Data provided:
definition prob_vec :: "real ^ 'n::finite \<Rightarrow> bool" where
  "prob_vec x \<longleftrightarrow> (\<forall>i. 0 \<le> x $ i) \<and> (\<Sum>i\<in>UNIV. x $ i) = 1"

definition prob_mat :: "real ^ 'n::finite ^ 'n \<Rightarrow> bool" where
  "prob_mat P \<longleftrightarrow> (\<forall>i j. 0 \<le> P $ i $ j) \<and> (\<Sum>i\<in>UNIV. \<Sum>j\<in>UNIV. P $ i $ j) = 1"

definition Nash :: "('n::finite \<Rightarrow> 'n \<Rightarrow> real) \<Rightarrow> ('n \<Rightarrow> 'n \<Rightarrow> real) \<Rightarrow> ((real ^ 'n) \<times> (real ^ 'n)) set" where
  "Nash u1 u2 = {(p, q) | p q. prob_vec p \<and> prob_vec q \<and>
     (\<forall>t. (\<Sum>s2\<in>UNIV. q $ s2 * u1 t s2) \<le> (\<Sum>s1\<in>UNIV. \<Sum>s2\<in>UNIV. p $ s1 * q $ s2 * u1 s1 s2)) \<and>
     (\<forall>t. (\<Sum>s1\<in>UNIV. p $ s1 * u2 s1 t) \<le> (\<Sum>s1\<in>UNIV. \<Sum>s2\<in>UNIV. p $ s1 * q $ s2 * u2 s1 s2))}"

definition Nash_sym :: "('n::finite \<Rightarrow> 'n \<Rightarrow> real) \<Rightarrow> ('n \<Rightarrow> 'n \<Rightarrow> real) \<Rightarrow> ((real ^ 'n) \<times> (real ^ 'n)) set" where
  "Nash_sym u1 u2 = {(p, q) | p q. (p, q) \<in> Nash u1 u2 \<and> p = q}"

definition CE :: "('n::finite \<Rightarrow> 'n \<Rightarrow> real) \<Rightarrow> ('n \<Rightarrow> 'n \<Rightarrow> real) \<Rightarrow> (real ^ 'n ^ 'n) set" where
  "CE u1 u2 = {P. prob_mat P \<and>
     (\<forall>s t. (\<Sum>s2\<in>UNIV. (u1 t s2 - u1 s s2) * P $ s $ s2) \<le> 0) \<and>
     (\<forall>s t. (\<Sum>s1\<in>UNIV. (u2 s1 t - u2 s1 s) * P $ s1 $ s) \<le> 0)}"

definition CE_sym :: "('n::finite \<Rightarrow> 'n \<Rightarrow> real) \<Rightarrow> ('n \<Rightarrow> 'n \<Rightarrow> real) \<Rightarrow> (real ^ 'n ^ 'n) set" where
  "CE_sym u1 u2 = {P \<in> CE u1 u2. transpose P = P}"

definition outer_self :: "real ^ 'n::finite \<Rightarrow> real ^ 'n ^ 'n" where
  "outer_self x = (\<chi> i j. x $ i * x $ j)"

definition XE_sym :: "('n::finite \<Rightarrow> 'n \<Rightarrow> real) \<Rightarrow> ('n \<Rightarrow> 'n \<Rightarrow> real) \<Rightarrow> (real ^ 'n ^ 'n) set" where
  "XE_sym u1 u2 = CE u1 u2 \<inter> convex hull {outer_self x | x. prob_vec x}"

end

theory Submission
  imports Defs
begin

text \<open>If \<open>(p, q)\<close> is a Nash equilibrium with \<open>p \<noteq> q\<close>, symmetry of the game makes
  \<open>(q, p)\<close> one as well, and product distributions of Nash equilibria are correlated
  equilibria.  Hence the symmetrised product \<open>(p q\<^sup>T + q p\<^sup>T) / 2\<close> is a symmetric correlated
  equilibrium.  Every matrix in the convex hull of the \<open>x x\<^sup>T\<close> is positive semidefinite,
  but the quadratic form of the symmetrised product at \<open>v\<close> is \<open>(v \<bullet> p) (v \<bullet> q)\<close>, which is
  negative for a suitable \<open>v\<close> because \<open>p\<close> and \<open>q\<close> are distinct probability vectors.\<close>

definition product_dist :: "real ^ 'n::finite \<Rightarrow> real ^ 'n \<Rightarrow> real ^ 'n ^ 'n" where
  "product_dist p q = (\<chi> i j. p $ i * q $ j)"

definition symmetrised_product :: "real ^ 'n::finite \<Rightarrow> real ^ 'n \<Rightarrow> real ^ 'n ^ 'n" where
  "symmetrised_product p q = (1/2) *\<^sub>R product_dist p q + (1/2) *\<^sub>R product_dist q p"

definition quad_form :: "('n::finite \<Rightarrow> real) \<Rightarrow> real ^ 'n ^ 'n \<Rightarrow> real" where
  "quad_form v M = (\<Sum>i\<in>UNIV. \<Sum>j\<in>UNIV. v i * v j * M $ i $ j)"

lemma best_response_support:
  fixes x w :: "'n::finite \<Rightarrow> real"
  assumes nonneg: "\<And>i. 0 \<le> x i" and sum_one: "(\<Sum>i\<in>UNIV. x i) = 1"
    and best: "\<And>t. w t \<le> (\<Sum>i\<in>UNIV. x i * w i)"
  shows "x s * (w t - w s) \<le> 0"
proof -
  define V where "V = (\<Sum>i\<in>UNIV. x i * w i)"
  have "(\<Sum>i\<in>UNIV. x i * (V - w i)) = V * (\<Sum>i\<in>UNIV. x i) - (\<Sum>i\<in>UNIV. x i * w i)"
    by (simp add: algebra_simps sum_subtractf sum_distrib_left)
  also have "\<dots> = 0" using sum_one V_def by simp
  finally have "(\<Sum>i\<in>UNIV. x i * (V - w i)) = 0" .
  moreover have "\<forall>i\<in>UNIV. 0 \<le> x i * (V - w i)" using nonneg best V_def by auto
  ultimately have "x s * (V - w s) = 0" by (simp add: sum_nonneg_eq_0_iff)
  moreover have "x s * (w t - V) \<le> 0"
    using nonneg[of s] best[of t] V_def by (simp add: mult_nonneg_nonpos)
  moreover have "x s * (w t - w s) = x s * (w t - V) + x s * (V - w s)"
    by (simp add: algebra_simps)
  ultimately show ?thesis by linarith
qed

Prompt:
For the lines above, output exactly those from the line containing "(\<forall>s t. (\<Sum>s1\<in>UNIV." through the line containing "u1 u2. transpose", and skip the others.

Answer below:
     (\<forall>s t. (\<Sum>s1\<in>UNIV. (u2 s1 t - u2 s1 s) * P $ s1 $ s) \<le> 0)}"

definition CE_sym :: "('n::finite \<Rightarrow> 'n \<Rightarrow> real) \<Rightarrow> ('n \<Rightarrow> 'n \<Rightarrow> real) \<Rightarrow> (real ^ 'n ^ 'n) set" where
  "CE_sym u1 u2 = {P \<in> CE u1 u2. transpose P = P}"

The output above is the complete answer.